▸ **Records shown**
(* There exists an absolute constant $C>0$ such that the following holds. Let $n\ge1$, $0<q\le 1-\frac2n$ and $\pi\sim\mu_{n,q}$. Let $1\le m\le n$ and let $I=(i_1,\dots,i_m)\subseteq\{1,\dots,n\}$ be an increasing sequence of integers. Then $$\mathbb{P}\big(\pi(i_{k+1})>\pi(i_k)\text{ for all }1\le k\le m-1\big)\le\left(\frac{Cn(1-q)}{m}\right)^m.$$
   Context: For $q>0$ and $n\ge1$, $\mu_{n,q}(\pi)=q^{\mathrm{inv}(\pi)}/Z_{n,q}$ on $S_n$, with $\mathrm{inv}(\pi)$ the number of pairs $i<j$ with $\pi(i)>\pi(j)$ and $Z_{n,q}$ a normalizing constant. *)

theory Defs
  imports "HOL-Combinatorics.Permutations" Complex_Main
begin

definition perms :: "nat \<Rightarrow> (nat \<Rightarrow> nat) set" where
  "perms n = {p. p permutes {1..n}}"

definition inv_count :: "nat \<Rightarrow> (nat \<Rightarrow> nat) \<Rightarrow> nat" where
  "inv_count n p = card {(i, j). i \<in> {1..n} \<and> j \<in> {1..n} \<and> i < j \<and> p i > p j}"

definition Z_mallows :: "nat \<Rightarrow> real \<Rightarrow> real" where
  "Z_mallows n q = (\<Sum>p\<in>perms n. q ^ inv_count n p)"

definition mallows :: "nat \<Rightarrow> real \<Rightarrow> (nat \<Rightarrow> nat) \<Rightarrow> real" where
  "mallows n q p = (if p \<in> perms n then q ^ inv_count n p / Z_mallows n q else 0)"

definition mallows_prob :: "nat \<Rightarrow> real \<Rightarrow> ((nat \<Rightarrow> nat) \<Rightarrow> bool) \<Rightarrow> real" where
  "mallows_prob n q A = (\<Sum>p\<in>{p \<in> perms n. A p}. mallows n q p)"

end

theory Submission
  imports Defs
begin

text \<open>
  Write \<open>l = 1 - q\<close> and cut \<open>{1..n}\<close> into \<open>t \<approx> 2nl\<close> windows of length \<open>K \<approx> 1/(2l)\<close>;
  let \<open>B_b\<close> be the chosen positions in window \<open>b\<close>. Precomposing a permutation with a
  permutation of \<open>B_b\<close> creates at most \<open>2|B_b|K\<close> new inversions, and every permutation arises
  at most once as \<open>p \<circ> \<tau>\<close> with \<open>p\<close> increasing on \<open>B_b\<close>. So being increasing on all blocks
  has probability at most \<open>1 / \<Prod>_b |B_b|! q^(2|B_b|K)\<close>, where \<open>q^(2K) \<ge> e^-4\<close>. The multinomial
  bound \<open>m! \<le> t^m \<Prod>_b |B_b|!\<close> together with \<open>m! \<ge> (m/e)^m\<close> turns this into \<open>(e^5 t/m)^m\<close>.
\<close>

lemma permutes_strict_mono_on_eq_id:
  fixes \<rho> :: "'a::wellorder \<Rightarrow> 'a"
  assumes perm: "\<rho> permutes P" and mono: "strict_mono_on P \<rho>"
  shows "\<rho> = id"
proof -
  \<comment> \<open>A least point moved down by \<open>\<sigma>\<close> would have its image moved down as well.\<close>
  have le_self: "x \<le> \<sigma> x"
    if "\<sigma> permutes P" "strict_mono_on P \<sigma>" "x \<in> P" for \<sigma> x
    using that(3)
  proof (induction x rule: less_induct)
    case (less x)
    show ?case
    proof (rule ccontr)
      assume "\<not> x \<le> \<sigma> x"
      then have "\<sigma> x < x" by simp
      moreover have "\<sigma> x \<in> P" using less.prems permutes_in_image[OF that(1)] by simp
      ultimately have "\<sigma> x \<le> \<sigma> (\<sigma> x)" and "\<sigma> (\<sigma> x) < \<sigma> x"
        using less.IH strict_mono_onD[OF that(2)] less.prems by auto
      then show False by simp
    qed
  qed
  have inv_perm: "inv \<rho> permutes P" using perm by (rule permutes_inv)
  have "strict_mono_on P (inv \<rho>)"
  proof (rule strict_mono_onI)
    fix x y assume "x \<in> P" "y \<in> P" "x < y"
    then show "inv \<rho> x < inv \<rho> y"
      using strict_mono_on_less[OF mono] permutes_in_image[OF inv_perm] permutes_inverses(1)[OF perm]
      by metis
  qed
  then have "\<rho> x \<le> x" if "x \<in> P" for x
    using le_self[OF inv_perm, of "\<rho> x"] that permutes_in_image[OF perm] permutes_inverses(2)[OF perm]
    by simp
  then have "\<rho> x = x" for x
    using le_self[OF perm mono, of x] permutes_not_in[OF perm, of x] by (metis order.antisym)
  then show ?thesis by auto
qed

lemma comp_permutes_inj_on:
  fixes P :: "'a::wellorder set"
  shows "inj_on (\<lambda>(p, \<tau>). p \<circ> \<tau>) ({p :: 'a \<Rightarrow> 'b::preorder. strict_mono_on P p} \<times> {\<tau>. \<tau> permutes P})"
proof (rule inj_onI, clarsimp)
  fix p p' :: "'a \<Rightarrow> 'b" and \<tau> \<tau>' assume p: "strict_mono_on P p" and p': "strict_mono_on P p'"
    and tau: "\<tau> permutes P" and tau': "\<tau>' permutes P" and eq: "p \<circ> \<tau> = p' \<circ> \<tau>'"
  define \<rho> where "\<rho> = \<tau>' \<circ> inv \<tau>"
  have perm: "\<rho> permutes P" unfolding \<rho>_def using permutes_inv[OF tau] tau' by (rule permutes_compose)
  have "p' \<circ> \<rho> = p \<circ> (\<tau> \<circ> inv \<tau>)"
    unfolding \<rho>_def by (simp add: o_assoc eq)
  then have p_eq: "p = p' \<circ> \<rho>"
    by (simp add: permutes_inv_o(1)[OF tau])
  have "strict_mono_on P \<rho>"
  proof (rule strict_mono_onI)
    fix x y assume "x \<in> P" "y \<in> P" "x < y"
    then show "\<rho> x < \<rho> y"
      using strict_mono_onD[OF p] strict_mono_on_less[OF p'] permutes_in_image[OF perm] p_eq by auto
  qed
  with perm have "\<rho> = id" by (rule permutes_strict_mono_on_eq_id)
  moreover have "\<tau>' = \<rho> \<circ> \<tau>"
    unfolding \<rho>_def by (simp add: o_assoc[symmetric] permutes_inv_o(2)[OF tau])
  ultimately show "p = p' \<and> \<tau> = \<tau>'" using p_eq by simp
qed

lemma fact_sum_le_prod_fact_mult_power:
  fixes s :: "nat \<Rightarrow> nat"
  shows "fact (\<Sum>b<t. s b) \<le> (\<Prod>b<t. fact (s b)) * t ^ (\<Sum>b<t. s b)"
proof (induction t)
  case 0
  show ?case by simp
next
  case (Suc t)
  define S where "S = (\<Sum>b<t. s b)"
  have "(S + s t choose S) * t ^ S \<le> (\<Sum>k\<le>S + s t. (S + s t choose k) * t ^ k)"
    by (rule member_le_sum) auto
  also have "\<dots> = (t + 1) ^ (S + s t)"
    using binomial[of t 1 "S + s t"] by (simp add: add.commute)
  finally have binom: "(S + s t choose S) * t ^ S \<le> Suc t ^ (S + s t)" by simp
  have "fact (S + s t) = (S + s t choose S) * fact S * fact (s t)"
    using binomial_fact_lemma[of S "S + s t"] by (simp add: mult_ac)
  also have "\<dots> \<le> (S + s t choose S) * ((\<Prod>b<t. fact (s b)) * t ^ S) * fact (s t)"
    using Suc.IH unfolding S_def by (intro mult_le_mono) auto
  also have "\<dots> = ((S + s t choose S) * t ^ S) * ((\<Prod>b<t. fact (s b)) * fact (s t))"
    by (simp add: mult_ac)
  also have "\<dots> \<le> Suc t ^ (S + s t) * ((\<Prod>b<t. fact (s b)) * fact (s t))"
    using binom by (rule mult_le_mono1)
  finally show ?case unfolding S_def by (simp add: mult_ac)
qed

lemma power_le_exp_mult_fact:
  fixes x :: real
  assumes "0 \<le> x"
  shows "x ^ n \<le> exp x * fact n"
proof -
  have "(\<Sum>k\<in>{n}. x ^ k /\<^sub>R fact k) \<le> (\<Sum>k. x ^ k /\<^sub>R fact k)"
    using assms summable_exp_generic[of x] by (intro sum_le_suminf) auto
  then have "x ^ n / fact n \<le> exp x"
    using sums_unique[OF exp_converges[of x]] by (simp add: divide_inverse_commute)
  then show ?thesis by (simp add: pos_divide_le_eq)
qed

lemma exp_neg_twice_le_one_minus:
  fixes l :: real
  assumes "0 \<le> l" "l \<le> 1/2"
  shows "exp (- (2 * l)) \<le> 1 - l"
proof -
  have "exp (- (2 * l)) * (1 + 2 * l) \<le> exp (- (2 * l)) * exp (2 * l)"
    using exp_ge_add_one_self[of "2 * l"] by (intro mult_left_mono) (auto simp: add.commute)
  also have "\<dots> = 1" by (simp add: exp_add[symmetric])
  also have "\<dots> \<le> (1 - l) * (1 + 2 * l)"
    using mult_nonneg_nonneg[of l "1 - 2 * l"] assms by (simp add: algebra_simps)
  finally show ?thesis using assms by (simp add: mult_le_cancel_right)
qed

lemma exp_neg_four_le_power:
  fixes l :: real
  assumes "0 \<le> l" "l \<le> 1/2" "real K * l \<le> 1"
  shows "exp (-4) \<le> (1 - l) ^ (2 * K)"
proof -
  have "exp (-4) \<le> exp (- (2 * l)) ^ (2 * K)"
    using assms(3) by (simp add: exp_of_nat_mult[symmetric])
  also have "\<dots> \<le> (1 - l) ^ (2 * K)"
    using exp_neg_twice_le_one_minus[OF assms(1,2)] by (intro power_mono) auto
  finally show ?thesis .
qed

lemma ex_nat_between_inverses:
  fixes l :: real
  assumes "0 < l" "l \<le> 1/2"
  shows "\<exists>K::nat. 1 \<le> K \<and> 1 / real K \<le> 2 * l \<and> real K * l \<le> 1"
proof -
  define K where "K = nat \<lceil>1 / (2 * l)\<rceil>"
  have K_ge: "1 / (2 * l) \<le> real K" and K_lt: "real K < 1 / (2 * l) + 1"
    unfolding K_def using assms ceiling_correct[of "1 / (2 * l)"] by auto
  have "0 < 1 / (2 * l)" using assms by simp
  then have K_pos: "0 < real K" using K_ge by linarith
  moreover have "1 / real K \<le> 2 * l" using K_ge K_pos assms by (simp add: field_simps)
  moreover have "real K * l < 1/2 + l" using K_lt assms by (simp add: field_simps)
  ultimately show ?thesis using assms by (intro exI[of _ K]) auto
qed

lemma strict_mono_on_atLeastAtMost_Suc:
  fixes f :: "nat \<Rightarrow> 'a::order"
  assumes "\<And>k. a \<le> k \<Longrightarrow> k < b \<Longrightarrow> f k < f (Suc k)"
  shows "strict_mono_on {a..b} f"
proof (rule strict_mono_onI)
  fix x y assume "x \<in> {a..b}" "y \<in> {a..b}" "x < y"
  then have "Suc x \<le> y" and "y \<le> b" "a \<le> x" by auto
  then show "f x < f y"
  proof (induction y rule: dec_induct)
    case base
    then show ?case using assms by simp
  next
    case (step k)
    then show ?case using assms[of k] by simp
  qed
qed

▸ **Instructions for the task**
What lines above mention "finally"? Copy each one.

▸ **Written response**
  finally have binom: "(S + s t choose S) * t ^ S \<le> Suc t ^ (S + s t)" by simp
  finally show ?case unfolding S_def by (simp add: mult_ac)
  finally show ?thesis using assms by (simp add: mult_le_cancel_right)
  finally show ?thesis .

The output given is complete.